Set out exactly, line by line, the stretch of data below that begins at the line containing "using two_mul_P4_le_card_P4_sequences[OF G]" and ends at the line containing "by (simp only: of_nat_le_iff)", with both ends kept.

Records supplied
=====
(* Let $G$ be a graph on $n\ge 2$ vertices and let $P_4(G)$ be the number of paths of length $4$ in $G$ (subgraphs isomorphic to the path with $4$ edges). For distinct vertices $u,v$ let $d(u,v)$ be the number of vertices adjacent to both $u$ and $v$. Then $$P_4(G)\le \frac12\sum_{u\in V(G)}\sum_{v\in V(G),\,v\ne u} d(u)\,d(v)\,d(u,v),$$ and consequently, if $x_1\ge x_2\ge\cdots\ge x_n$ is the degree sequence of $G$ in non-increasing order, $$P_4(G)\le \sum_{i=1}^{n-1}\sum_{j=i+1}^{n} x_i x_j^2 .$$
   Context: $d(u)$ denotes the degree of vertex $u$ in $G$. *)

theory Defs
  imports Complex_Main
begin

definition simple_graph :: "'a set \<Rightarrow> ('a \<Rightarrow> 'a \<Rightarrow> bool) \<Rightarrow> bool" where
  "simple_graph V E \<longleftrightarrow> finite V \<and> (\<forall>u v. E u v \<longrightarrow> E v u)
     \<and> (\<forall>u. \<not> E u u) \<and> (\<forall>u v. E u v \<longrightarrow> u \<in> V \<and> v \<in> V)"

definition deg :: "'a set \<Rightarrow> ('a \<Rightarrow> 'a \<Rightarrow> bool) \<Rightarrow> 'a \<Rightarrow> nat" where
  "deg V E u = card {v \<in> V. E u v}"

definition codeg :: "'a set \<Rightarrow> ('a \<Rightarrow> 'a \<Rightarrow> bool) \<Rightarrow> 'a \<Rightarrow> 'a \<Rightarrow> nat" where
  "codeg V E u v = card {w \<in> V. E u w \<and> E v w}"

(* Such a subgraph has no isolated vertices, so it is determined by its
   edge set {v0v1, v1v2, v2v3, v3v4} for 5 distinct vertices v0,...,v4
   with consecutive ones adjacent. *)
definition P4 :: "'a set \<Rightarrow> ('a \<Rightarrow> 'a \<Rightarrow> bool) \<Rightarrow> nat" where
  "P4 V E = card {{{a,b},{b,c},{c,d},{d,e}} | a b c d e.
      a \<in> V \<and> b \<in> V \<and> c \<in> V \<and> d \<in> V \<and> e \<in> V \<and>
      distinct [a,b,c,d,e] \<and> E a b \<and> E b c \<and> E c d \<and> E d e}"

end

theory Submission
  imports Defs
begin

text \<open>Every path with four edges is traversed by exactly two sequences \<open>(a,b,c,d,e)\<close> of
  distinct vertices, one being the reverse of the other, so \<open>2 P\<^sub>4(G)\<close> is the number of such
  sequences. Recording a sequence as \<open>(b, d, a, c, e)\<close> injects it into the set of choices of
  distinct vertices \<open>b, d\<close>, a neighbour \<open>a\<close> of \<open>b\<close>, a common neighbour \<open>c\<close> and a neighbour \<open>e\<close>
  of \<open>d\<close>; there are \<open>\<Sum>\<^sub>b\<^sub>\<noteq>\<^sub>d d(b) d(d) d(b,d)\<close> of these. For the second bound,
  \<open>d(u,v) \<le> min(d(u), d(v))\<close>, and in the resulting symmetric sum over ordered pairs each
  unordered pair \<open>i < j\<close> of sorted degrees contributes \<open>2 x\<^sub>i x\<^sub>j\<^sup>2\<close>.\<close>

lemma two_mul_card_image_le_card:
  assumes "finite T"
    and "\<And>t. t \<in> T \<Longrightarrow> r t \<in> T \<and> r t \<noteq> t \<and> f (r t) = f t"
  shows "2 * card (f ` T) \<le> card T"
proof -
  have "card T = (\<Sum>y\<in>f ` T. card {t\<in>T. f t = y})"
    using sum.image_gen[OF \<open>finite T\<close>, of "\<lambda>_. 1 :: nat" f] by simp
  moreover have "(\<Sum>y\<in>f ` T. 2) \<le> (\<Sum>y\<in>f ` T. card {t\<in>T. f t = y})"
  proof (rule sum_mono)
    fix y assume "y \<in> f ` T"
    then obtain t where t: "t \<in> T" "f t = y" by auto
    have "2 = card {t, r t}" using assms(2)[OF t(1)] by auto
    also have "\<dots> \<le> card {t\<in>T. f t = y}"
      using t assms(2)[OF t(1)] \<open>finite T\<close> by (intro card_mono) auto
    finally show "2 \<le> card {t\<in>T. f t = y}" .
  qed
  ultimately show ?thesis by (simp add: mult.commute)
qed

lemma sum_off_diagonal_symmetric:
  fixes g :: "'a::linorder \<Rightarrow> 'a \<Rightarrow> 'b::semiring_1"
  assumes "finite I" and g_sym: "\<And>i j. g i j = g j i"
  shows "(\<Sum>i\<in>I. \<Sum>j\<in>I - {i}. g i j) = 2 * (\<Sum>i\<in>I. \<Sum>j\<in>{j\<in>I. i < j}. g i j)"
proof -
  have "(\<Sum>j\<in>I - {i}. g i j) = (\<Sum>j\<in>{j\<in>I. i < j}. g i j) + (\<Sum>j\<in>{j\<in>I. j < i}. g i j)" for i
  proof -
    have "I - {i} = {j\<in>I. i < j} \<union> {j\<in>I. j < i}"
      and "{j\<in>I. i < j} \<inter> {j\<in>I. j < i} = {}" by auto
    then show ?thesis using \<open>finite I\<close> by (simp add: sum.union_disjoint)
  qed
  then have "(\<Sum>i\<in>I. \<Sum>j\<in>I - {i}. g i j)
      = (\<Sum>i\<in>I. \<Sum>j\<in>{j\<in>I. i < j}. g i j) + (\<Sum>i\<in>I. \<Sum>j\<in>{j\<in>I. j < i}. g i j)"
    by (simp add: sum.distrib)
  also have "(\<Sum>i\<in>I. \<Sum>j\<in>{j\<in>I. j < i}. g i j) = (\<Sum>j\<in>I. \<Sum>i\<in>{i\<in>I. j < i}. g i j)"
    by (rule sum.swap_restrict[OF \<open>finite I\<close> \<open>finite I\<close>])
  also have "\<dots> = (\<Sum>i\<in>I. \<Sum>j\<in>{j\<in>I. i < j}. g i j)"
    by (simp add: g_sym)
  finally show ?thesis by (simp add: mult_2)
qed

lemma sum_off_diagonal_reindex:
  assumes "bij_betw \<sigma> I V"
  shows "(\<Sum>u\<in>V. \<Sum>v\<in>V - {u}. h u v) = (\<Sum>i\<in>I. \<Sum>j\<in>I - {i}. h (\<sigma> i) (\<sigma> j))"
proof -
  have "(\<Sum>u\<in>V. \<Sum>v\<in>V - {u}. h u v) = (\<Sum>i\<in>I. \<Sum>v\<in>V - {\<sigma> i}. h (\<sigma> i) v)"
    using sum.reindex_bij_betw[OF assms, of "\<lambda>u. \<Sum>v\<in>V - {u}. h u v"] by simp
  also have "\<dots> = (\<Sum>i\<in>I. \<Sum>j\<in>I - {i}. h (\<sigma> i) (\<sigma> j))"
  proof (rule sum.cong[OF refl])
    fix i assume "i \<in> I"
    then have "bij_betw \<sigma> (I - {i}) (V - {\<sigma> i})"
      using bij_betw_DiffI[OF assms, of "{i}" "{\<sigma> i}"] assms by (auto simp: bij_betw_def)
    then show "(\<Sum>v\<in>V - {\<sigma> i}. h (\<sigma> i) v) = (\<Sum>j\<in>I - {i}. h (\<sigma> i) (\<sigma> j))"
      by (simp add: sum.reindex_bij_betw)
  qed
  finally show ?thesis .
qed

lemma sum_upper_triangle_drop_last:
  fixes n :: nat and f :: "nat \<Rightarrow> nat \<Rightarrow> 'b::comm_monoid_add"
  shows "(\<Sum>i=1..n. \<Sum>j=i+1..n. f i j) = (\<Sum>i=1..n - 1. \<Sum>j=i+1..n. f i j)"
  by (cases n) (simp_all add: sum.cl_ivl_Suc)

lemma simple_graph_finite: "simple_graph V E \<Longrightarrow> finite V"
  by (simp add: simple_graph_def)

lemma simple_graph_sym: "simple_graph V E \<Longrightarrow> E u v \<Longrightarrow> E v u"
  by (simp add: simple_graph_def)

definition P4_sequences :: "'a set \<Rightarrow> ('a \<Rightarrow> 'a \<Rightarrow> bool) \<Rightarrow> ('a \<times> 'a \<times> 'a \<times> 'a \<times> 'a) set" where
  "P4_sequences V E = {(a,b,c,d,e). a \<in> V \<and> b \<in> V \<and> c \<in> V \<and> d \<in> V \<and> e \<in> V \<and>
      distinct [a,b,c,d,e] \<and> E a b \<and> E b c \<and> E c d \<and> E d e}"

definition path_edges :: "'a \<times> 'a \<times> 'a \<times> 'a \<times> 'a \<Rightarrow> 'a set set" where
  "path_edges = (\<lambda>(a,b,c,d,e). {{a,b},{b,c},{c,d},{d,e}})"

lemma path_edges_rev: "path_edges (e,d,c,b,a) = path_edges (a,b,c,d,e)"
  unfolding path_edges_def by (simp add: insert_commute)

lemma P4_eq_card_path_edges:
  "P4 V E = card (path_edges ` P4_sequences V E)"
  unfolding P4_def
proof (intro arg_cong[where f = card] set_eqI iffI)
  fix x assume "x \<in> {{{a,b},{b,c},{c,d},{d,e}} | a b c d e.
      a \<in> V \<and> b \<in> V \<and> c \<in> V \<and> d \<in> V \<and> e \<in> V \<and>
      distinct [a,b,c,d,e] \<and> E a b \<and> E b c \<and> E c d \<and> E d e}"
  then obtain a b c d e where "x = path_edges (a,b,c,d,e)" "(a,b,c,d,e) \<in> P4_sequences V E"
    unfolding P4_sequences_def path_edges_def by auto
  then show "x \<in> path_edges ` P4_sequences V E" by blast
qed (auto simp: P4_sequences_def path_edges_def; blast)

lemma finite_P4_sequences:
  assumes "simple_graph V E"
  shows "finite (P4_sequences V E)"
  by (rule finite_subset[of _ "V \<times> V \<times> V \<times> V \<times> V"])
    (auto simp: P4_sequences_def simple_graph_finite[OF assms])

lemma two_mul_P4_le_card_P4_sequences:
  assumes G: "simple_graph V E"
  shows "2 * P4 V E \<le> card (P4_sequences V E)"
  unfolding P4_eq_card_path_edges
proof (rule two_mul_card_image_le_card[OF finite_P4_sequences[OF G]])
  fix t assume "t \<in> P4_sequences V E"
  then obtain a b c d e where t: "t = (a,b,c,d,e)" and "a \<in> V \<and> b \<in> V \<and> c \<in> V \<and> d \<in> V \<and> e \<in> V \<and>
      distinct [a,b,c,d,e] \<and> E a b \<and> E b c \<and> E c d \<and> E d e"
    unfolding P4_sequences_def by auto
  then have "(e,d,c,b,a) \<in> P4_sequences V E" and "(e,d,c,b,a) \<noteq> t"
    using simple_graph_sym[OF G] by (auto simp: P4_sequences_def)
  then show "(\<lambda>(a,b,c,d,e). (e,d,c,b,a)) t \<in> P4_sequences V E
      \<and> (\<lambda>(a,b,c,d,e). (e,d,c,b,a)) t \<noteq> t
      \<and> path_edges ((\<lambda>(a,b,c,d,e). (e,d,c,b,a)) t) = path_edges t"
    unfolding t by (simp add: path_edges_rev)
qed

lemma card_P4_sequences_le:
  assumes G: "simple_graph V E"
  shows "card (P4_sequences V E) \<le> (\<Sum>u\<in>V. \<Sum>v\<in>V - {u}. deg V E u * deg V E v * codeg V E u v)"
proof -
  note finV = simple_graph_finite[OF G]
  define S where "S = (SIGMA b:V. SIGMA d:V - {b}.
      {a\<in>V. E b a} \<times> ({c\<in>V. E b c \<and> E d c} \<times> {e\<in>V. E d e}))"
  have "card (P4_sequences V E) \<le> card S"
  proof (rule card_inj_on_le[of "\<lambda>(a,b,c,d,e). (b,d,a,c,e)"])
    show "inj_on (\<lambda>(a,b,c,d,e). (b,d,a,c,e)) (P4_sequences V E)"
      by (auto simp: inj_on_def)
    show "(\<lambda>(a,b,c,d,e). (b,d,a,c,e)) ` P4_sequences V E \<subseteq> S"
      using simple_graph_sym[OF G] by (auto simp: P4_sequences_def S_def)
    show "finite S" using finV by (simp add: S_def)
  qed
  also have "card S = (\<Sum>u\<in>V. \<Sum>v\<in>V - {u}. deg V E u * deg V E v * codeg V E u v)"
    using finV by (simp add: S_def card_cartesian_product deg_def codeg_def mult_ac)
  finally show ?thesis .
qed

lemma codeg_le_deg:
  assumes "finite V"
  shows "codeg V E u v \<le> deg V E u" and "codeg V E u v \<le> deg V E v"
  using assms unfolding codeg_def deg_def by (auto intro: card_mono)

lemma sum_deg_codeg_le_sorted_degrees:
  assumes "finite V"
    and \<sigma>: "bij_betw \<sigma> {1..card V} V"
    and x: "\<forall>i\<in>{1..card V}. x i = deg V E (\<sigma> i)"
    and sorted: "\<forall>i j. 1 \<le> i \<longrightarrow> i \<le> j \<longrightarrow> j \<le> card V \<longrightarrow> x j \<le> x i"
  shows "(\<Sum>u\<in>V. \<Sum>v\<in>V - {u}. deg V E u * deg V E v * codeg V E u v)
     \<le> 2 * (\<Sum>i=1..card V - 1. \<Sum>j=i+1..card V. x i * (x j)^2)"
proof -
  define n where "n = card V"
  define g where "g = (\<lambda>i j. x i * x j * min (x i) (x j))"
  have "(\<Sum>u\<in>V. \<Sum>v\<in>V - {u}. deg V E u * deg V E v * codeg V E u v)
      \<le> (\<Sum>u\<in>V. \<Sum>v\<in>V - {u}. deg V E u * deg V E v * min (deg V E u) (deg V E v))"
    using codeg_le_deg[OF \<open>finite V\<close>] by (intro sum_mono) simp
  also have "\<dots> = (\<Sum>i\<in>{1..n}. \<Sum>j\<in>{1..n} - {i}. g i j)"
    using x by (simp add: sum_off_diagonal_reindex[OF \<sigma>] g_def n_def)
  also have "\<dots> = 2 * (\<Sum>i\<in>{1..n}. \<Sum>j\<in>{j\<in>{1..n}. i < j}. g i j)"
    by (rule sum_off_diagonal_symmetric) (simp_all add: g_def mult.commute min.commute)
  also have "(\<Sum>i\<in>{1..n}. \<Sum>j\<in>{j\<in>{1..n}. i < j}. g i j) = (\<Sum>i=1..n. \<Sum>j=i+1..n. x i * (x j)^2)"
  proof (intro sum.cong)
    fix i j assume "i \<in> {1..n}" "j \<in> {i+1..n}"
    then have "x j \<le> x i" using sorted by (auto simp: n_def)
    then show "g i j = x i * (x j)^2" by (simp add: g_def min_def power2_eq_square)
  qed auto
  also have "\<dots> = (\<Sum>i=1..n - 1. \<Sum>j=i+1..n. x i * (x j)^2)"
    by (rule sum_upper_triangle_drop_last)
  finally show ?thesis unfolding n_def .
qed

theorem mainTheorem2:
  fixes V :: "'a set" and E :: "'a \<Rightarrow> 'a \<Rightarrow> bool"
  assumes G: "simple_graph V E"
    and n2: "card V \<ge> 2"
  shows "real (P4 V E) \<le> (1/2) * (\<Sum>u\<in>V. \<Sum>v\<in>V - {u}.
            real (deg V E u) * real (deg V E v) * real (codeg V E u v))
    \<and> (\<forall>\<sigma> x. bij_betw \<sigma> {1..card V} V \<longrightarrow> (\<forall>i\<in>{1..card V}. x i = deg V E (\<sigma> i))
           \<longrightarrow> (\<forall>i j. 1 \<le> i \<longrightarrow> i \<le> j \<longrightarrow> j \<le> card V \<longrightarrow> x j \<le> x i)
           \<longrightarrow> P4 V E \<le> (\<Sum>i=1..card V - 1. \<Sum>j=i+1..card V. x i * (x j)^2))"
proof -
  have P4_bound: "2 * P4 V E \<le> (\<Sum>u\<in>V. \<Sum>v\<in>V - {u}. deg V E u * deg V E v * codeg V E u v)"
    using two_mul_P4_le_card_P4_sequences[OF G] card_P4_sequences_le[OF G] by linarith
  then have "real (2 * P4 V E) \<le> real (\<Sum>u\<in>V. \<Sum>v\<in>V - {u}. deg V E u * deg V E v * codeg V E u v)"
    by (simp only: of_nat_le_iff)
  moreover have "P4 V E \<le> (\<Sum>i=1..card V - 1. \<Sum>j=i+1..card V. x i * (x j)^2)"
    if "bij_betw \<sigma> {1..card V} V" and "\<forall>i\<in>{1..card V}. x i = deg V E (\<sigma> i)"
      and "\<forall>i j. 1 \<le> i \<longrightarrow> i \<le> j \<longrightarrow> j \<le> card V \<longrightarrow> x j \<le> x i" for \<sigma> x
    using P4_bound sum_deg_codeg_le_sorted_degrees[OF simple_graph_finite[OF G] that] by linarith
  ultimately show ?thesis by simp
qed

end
=====
Answer
    using two_mul_P4_le_card_P4_sequences[OF G] card_P4_sequences_le[OF G] by linarith
  then have "real (2 * P4 V E) \<le> real (\<Sum>u\<in>V. \<Sum>v\<in>V - {u}. deg V E u * deg V E v * codeg V E u v)"
    by (simp only: of_nat_le_iff)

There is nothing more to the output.